Wednesday, June 18, 2008

Random Thoughts and Observations From My Day

After three days of cholera like symptoms and no caffeine, one can suffer from a withdrawal headache so severe one will totally understand why Amy Winehouse can't give up crack. And one will have empathy for her.

When asking your bug man if he can get in the shower, it might be helpful to substitute the word spray instead of get in order to avoid an awkward moment and look of sheer terror in his eyes. At least I think it was terror. It could have been confusion bordering on apprehensive interest. But I am going with terror.

It is entirely possible for an 8 year old boy to lose a pair of shorts.

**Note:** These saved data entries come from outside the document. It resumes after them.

(* Let $\Omega\subset\mathbb{R}^N$ be an open bounded set, $q\in L^\infty(\Omega;\mathbb{R}^N)$ and $s\in(0,1)$. Let $u\in\mathcal{L}^1_s(\mathbb{R}^N)\cap\mathcal{C}^2(\Omega)\cap\mathcal{C}(\mathbb{R}^N)$ satisfy $$-\Delta u+(-\Delta)^s u+q\cdot\nabla u\ge0\ \text{ in }\Omega,\qquad u\ge0\ \text{ on }\mathbb{R}^N\setminus\Omega.$$ Then either $u>0$ in $\Omega$ or $u\equiv0$ in $\mathbb{R}^N$.
   Context: The fractional Laplacian is $(-\Delta)^s u(x)=C_{N,s}\lim_{\varepsilon\to0^+}\int_{\mathbb{R}^N\setminus B_\varepsilon(x)}\frac{u(x)-u(y)}{|x-y|^{N+2s}}\,dy$, with $C_{N,s}=\pi^{-N/2}2^{2s}s\,\Gamma(\frac N2+s)/\Gamma(1-s)$. $\mathcal{L}^1_s(\mathbb{R}^N)$ is the space of measurable $u:\mathbb{R}^N\to\mathbb{R}$ with $\int_{\mathbb{R}^N}\frac{|u(y)|}{1+|y|^{N+2s}}\,dy<\infty$. *)

theory Defs
  imports "HOL-Analysis.Analysis"
begin

definition frac_const :: "nat \<Rightarrow> real \<Rightarrow> real" where
  "frac_const N s = pi powr (- real N / 2) * 2 powr (2 * s) * s
                    * Gamma (real N / 2 + s) / Gamma (1 - s)"

definition frac_lap :: "real \<Rightarrow> ('a::euclidean_space \<Rightarrow> real) \<Rightarrow> 'a \<Rightarrow> real" where
  "frac_lap s u x = frac_const DIM('a) s *
     Lim (at_right 0) (\<lambda>\<epsilon>. (\<integral>y \<in> - ball x \<epsilon>.
            (u x - u y) / norm (x - y) powr (real DIM('a) + 2 * s) \<partial>lebesgue))"

definition L1s :: "real \<Rightarrow> ('a::euclidean_space \<Rightarrow> real) set" where
  "L1s s = {u. u \<in> borel_measurable lebesgue \<and>
      integrable lebesgue (\<lambda>y. \<bar>u y\<bar> / (1 + norm y powr (real DIM('a) + 2 * s)))}"

definition C2_on :: "'a set \<Rightarrow> ('a::euclidean_space \<Rightarrow> real) \<Rightarrow> bool" where
  "C2_on S u \<longleftrightarrow> (\<exists>G :: 'a \<Rightarrow> 'a. \<exists>H :: 'a \<Rightarrow> ('a \<Rightarrow>\<^sub>L 'a).
     (\<forall>x\<in>S. (u has_derivative (\<lambda>h. G x \<bullet> h)) (at x)) \<and>
     (\<forall>x\<in>S. (G has_derivative blinfun_apply (H x)) (at x)) \<and>
     continuous_on S H)"

definition grad :: "('a::euclidean_space \<Rightarrow> real) \<Rightarrow> 'a \<Rightarrow> 'a" where
  "grad u x = (\<Sum>b\<in>Basis. frechet_derivative u (at x) b *\<^sub>R b)"

definition laplacian :: "('a::euclidean_space \<Rightarrow> real) \<Rightarrow> 'a \<Rightarrow> real" where
  "laplacian u x = (\<Sum>b\<in>Basis. frechet_derivative (grad u) (at x) b \<bullet> b)"

end

theory Submission
  imports Defs
begin

text \<open>
  Suppose the conclusion fails. Since \<open>u \<ge> 0\<close> off the bounded set \<open>\<Omega>\<close> and \<open>u \<le> 0\<close> somewhere
  in \<open>\<Omega>\<close>, the continuous function \<open>u\<close> attains a global minimum \<open>u x\<^sub>0 \<le> 0\<close> at some
  \<open>x\<^sub>0 \<in> \<Omega>\<close>, and \<open>u\<close> is not constant. At \<open>x\<^sub>0\<close> the gradient vanishes (so the drift term
  \<open>q \<bullet> \<nabla>u\<close> drops out and no hypothesis on \<open>q\<close> is needed) and the Hessian is positive
  semidefinite, so \<open>-\<Delta>u(x\<^sub>0) \<le> 0\<close>. The kernel \<open>(u x\<^sub>0 - u y) / |x\<^sub>0 - y|\<^bsup>N+2s\<^esup>\<close> is
  \<open>\<le> 0\<close>, integrable (near \<open>x\<^sub>0\<close> because \<open>u - u x\<^sub>0 = O(|y - x\<^sub>0|\<^sup>2)\<close>, far away because
  \<open>u \<in> L\<^sup>1\<^sub>s\<close>), and strictly negative on the nonempty open set \<open>{u > u x\<^sub>0}\<close>; hence the
  principal value equals its Lebesgue integral and \<open>(-\<Delta>)\<^sup>s u(x\<^sub>0) < 0\<close>, contradicting the
  inequality at \<open>x\<^sub>0\<close>.
\<close>

subsection \<open>Integrability of powers of the distance\<close>

lemma ex_dyadic_bracket:
  fixes a b :: real
  assumes "0 < a" "a \<le> b"
  shows "\<exists>k. a * 2 ^ k \<le> b \<and> b \<le> a * 2 ^ Suc k"
proof -
  define k where "k = nat \<lfloor>log 2 (b / a)\<rfloor>"
  have l: "0 \<le> log 2 (b / a)" using assms by simp
  have "real k \<le> log 2 (b / a)" "log 2 (b / a) < real k + 1"
    using l unfolding k_def by linarith+
  then have "2 powr real k \<le> b / a" "b / a < 2 powr (real k + 1)"
    using assms by (auto simp: le_log_iff log_less_iff)
  then show ?thesis
    using assms by (intro exI[of _ k]) (auto simp: powr_realpow field_simps powr_add)
qed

Which were folded and in his drawer. But he couldn't find them because he only looked in the stack of clothes neatly folded in his laundry basket. Because he didn't know he had to put away his own clothes now. And he would like a warning next time we make up new rules.

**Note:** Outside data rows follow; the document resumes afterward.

(* With s = sqrt h: int a <= int a s / sqrt m, int a h <= sqrt (K m) * int a s, and
   (int a s)^2 <= int a^2 h / p by Cauchy-Schwarz for the factors a s / sqrt p and sqrt p. *)
lemma nn_integral_mult_le_sqrt_importance_moment:
  fixes a p h :: "'a \<Rightarrow> real" and m K :: real
  assumes [measurable]: "a \<in> borel_measurable M" "p \<in> borel_measurable M" "h \<in> borel_measurable M"
    and a_nonneg: "\<And>w. 0 \<le> a w" and p_nonneg: "\<And>w. 0 \<le> p w"
    and p_prob: "(\<integral>\<^sup>+ w. ennreal (p w) \<partial>M) = 1"
    and p_pos: "\<And>w. a w \<noteq> 0 \<Longrightarrow> 0 < p w"
    and m_pos: "0 < m" and h_lower: "\<And>w. m \<le> h w" and h_upper: "\<And>w. h w \<le> K * m"
  shows "(\<integral>\<^sup>+ w. ennreal (a w) \<partial>M) * (\<integral>\<^sup>+ w. ennreal (a w * h w) \<partial>M)
           \<le> ennreal (sqrt K) * (\<integral>\<^sup>+ w. ennreal ((a w)\<^sup>2 / p w * h w) \<partial>M)"
proof -
  define S where "S = (\<integral>\<^sup>+ w. ennreal (a w * sqrt (h w)) \<partial>M)"
  have Km_pos: "0 < K * m"
    using h_lower[of undefined] h_upper[of undefined] m_pos by linarith
  have sqrt_h: "sqrt m \<le> sqrt (h w)" "sqrt (h w) \<le> sqrt (K * m)" for w
    using h_lower h_upper by auto
  have "(\<integral>\<^sup>+ w. ennreal (a w) \<partial>M) \<le> (\<integral>\<^sup>+ w. ennreal (1 / sqrt m) * ennreal (a w * sqrt (h w)) \<partial>M)"
  proof (intro nn_integral_mono)
    fix w
    have "a w \<le> 1 / sqrt m * (a w * sqrt (h w))"
      using mult_left_mono[OF sqrt_h(1) a_nonneg] m_pos by (simp add: field_simps)
    then have "ennreal (a w) \<le> ennreal (1 / sqrt m * (a w * sqrt (h w)))"
      by (intro ennreal_leI) simp
    also have "\<dots> = ennreal (1 / sqrt m) * ennreal (a w * sqrt (h w))"
      by (rule ennreal_mult') (use m_pos in simp)
    finally show "ennreal (a w) \<le> ennreal (1 / sqrt m) * ennreal (a w * sqrt (h w))" .
  qed
  also have "\<dots> = ennreal (1 / sqrt m) * S"
    unfolding S_def by (simp add: nn_integral_cmult)
  finally have mass_le: "(\<integral>\<^sup>+ w. ennreal (a w) \<partial>M) \<le> ennreal (1 / sqrt m) * S" .
  have "(\<integral>\<^sup>+ w. ennreal (a w * h w) \<partial>M) \<le> (\<integral>\<^sup>+ w. ennreal (sqrt (K * m)) * ennreal (a w * sqrt (h w)) \<partial>M)"
  proof (intro nn_integral_mono)
    fix w
    have "a w * h w = (a w * sqrt (h w)) * sqrt (h w)"
      using h_lower[of w] m_pos by (simp add: mult.assoc)
    also have "\<dots> \<le> (a w * sqrt (h w)) * sqrt (K * m)"
      using a_nonneg[of w] h_lower[of w] m_pos by (intro mult_left_mono sqrt_h(2)) simp
    finally have "a w * h w \<le> sqrt (K * m) * (a w * sqrt (h w))"
      by (simp add: mult.commute)
    then have "ennreal (a w * h w) \<le> ennreal (sqrt (K * m) * (a w * sqrt (h w)))"
      by (rule ennreal_leI)
    also have "\<dots> = ennreal (sqrt (K * m)) * ennreal (a w * sqrt (h w))"
      by (rule ennreal_mult') (use Km_pos in simp)
    finally show "ennreal (a w * h w) \<le> ennreal (sqrt (K * m)) * ennreal (a w * sqrt (h w))" .
  qed
  also have "\<dots> = ennreal (sqrt (K * m)) * S"
    unfolding S_def by (simp add: nn_integral_cmult)
  finally have weighted_le: "(\<integral>\<^sup>+ w. ennreal (a w * h w) \<partial>M) \<le> ennreal (sqrt (K * m)) * S" .
  have "S\<^sup>2 \<le> (\<integral>\<^sup>+ w. ennreal (a w * sqrt (h w) / sqrt (p w)) ^ 2 \<partial>M) * (\<integral>\<^sup>+ w. ennreal (sqrt (p w)) ^ 2 \<partial>M)"
  proof -
    have "ennreal (a w * sqrt (h w) / sqrt (p w)) * ennreal (sqrt (p w)) = ennreal (a w * sqrt (h w))" for w
      using p_pos[of w] p_nonneg[of w] by (cases "a w = 0") (auto simp: ennreal_mult''[symmetric])
    then show ?thesis
      unfolding S_def using Cauchy_Schwarz_nn_integral[of "\<lambda>w. ennreal (a w * sqrt (h w) / sqrt (p w))" M "\<lambda>w. ennreal (sqrt (p w))"]
      by simp
  qed
  also have "\<dots> = (\<integral>\<^sup>+ w. ennreal ((a w)\<^sup>2 / p w * h w) \<partial>M)"
  proof -
    have "ennreal (a w * sqrt (h w) / sqrt (p w)) ^ 2 = ennreal ((a w)\<^sup>2 / p w * h w)"
      and "ennreal (sqrt (p w)) ^ 2 = ennreal (p w)" for w
      using a_nonneg[of w] p_nonneg[of w] h_lower[of w] m_pos
      by (simp_all add: ennreal_power power_divide power_mult_distrib)
    then show ?thesis
      by (simp add: p_prob)
  qed
  finally have S_sq_le: "S\<^sup>2 \<le> (\<integral>\<^sup>+ w. ennreal ((a w)\<^sup>2 / p w * h w) \<partial>M)" .
  have "(\<integral>\<^sup>+ w. ennreal (a w) \<partial>M) * (\<integral>\<^sup>+ w. ennreal (a w * h w) \<partial>M)
      \<le> ennreal (1 / sqrt m) * S * (ennreal (sqrt (K * m)) * S)"
    by (intro mult_mono mass_le weighted_le) auto
  also have "\<dots> = ennreal (sqrt K) * S\<^sup>2"
    using m_pos Km_pos by (simp add: ennreal_mult'[symmetric] real_sqrt_mult power2_eq_square mult_ac)
  also have "\<dots> \<le> ennreal (sqrt K) * (\<integral>\<^sup>+ w. ennreal ((a w)\<^sup>2 / p w * h w) \<partial>M)"
    by (intro mult_left_mono S_sq_le) simp
  finally show ?thesis .
qed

Some people are trying to adapt in this country. I was stopped beside a delivery truck at a stop light. I thought the driver had his radio up too loud. Until I realized he was listening to a CD teaching him conversational English. CD: "Mi camisa es amarilla." Driver: "My shirt is yellow."* I wanted to give him a thumbs up and a "Good for you Amigo!" But he was concentrating.
* I may have paraphrased here because I couldn't understand what the CD or the Driver were actually saying and this is one of the few phrases I remember after two years of Spanish in Jr. High. And then I moved on to French. Which has been a huge help living in AZ.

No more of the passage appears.